→ **WHAT IS EXPECTED**: Show every line in the records below that contains the word "distinct".

------ DATA EXTRACT

(* Let $(G,\mathcal{H})$ be a group pair and $V$ a normed $\mathbb{R}[G]$-module. Then $H^k_b(G,\mathcal{H};\ell^\infty(G,V))=0$ for every $k\ge2$.
   Context: A group pair $(G,\mathcal H)$ consists of a group $G$ and a family $\mathcal H=\{H_i\}_{i\in I}$ of subgroups (repetitions allowed). A classifying pair $(X,Y)$ for it: $X$ a cellular $K(G,1)$, $Y\subseteq X$ a subcomplex with components $\{Y_i\}_{i\in I}$ (distinct for distinct indices), each $Y_i$ a $K(H_i,1)$ whose inclusion induces (up to a choice of path between basepoints) the inclusion $H_i\le G$. Let $(\widetilde X,\widetilde Y)$ be its universal cover ($\widetilde Y$ the preimage of $Y$). For a normed $\mathbb{R}[G]$-module $U$, the relative bounded cohomology $H^\bullet_b(G,\mathcal H;U)$ is the cohomology of the complex of $G$-equivariant uniformly bounded singular $U$-valued cochains on $\widetilde X$ vanishing on simplices in $\widetilde Y$. $\ell^\infty(G,V)$ is the normed $\mathbb{R}[G]$-module of bounded functions $G\to V$ with sup norm and action $(g f)(h)=g\cdot f(g^{-1}h)$. *)

theory Defs
  imports "HOL-Homology.Homology" "HOL-Algebra.Group"
begin

definition normed_RG_module :: "('g, 'b) monoid_scheme \<Rightarrow> ('g \<Rightarrow> 'v::real_normed_vector \<Rightarrow> 'v) \<Rightarrow> bool" where
  "normed_RG_module G \<rho> \<longleftrightarrow>
     (\<forall>g\<in>carrier G. linear (\<rho> g) \<and> (\<forall>v. norm (\<rho> g v) = norm v)) \<and>
     (\<forall>v. \<rho> \<one>\<^bsub>G\<^esub> v = v) \<and>
     (\<forall>g\<in>carrier G. \<forall>h\<in>carrier G. \<forall>v. \<rho> (g \<otimes>\<^bsub>G\<^esub> h) v = \<rho> g (\<rho> h v))"

definition linf :: "('g, 'b) monoid_scheme \<Rightarrow> ('g \<Rightarrow> 'v::real_normed_vector) set" where
  "linf G = {f. (\<forall>h. h \<notin> carrier G \<longrightarrow> f h = 0) \<and> (\<exists>B. \<forall>h\<in>carrier G. norm (f h) \<le> B)}"

definition linf_act :: "('g, 'b) monoid_scheme \<Rightarrow> ('g \<Rightarrow> 'v::real_normed_vector \<Rightarrow> 'v) \<Rightarrow> 'g \<Rightarrow> ('g \<Rightarrow> 'v) \<Rightarrow> ('g \<Rightarrow> 'v)" where
  "linf_act G \<rho> g f = (\<lambda>h. if h \<in> carrier G then \<rho> g (f (inv\<^bsub>G\<^esub> g \<otimes>\<^bsub>G\<^esub> h)) else 0)"

text \<open>The universal cover (Xt, Yt) of a classifying pair for (G, {H_i}), given as a contractible
  space Xt with a covering space action of G, and a subspace Yt whose path components are the
  translates g.(C i) of contractible components C i, with stabiliser of C i equal to H i and
  distinct indices giving distinct G-orbits of components.\<close>
definition classifying_pair_cover ::
  "('g, 'b) monoid_scheme \<Rightarrow> 'i set \<Rightarrow> ('i \<Rightarrow> 'g set) \<Rightarrow> 'x topology \<Rightarrow> ('g \<Rightarrow> 'x \<Rightarrow> 'x)
     \<Rightarrow> 'x set \<Rightarrow> ('i \<Rightarrow> 'x set) \<Rightarrow> bool" where
  "classifying_pair_cover G I H X \<phi> Yt C \<longleftrightarrow>
     (\<forall>g\<in>carrier G. homeomorphic_map X X (\<phi> g)) \<and>
     (\<forall>x\<in>topspace X. \<phi> \<one>\<^bsub>G\<^esub> x = x) \<and>
     (\<forall>g\<in>carrier G. \<forall>h\<in>carrier G. \<forall>x\<in>topspace X. \<phi> (g \<otimes>\<^bsub>G\<^esub> h) x = \<phi> g (\<phi> h x)) \<and>
     (\<forall>x\<in>topspace X. \<exists>U. openin X U \<and> x \<in> U \<and>
         (\<forall>g\<in>carrier G. g \<noteq> \<one>\<^bsub>G\<^esub> \<longrightarrow> \<phi> g ` U \<inter> U = {})) \<and>
     topspace X \<noteq> {} \<and> contractible_space X \<and>
     closedin X Yt \<and>
     path_components_of (subtopology X Yt) = {\<phi> g ` C i | i g. i \<in> I \<and> g \<in> carrier G} \<and>
     (\<forall>i\<in>I. \<forall>j\<in>I. \<forall>g\<in>carrier G. \<forall>g'\<in>carrier G.
         \<phi> g ` C i = \<phi> g' ` C j \<longleftrightarrow> (i = j \<and> inv\<^bsub>G\<^esub> g \<otimes>\<^bsub>G\<^esub> g' \<in> H i)) \<and>
     (\<forall>i\<in>I. C i \<noteq> {} \<and> openin (subtopology X Yt) (C i) \<and> contractible_space (subtopology X (C i)))"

------------

→ **EXERCISE RESULT**:
   Context: A group pair $(G,\mathcal H)$ consists of a group $G$ and a family $\mathcal H=\{H_i\}_{i\in I}$ of subgroups (repetitions allowed). A classifying pair $(X,Y)$ for it: $X$ a cellular $K(G,1)$, $Y\subseteq X$ a subcomplex with components $\{Y_i\}_{i\in I}$ (distinct for distinct indices), each $Y_i$ a $K(H_i,1)$ whose inclusion induces (up to a choice of path between basepoints) the inclusion $H_i\le G$. Let $(\widetilde X,\widetilde Y)$ be its universal cover ($\widetilde Y$ the preimage of $Y$). For a normed $\mathbb{R}[G]$-module $U$, the relative bounded cohomology $H^\bullet_b(G,\mathcal H;U)$ is the cohomology of the complex of $G$-equivariant uniformly bounded singular $U$-valued cochains on $\widetilde X$ vanishing on simplices in $\widetilde Y$. $\ell^\infty(G,V)$ is the normed $\mathbb{R}[G]$-module of bounded functions $G\to V$ with sup norm and action $(g f)(h)=g\cdot f(g^{-1}h)$. *)
  distinct indices giving distinct G-orbits of components.\<close>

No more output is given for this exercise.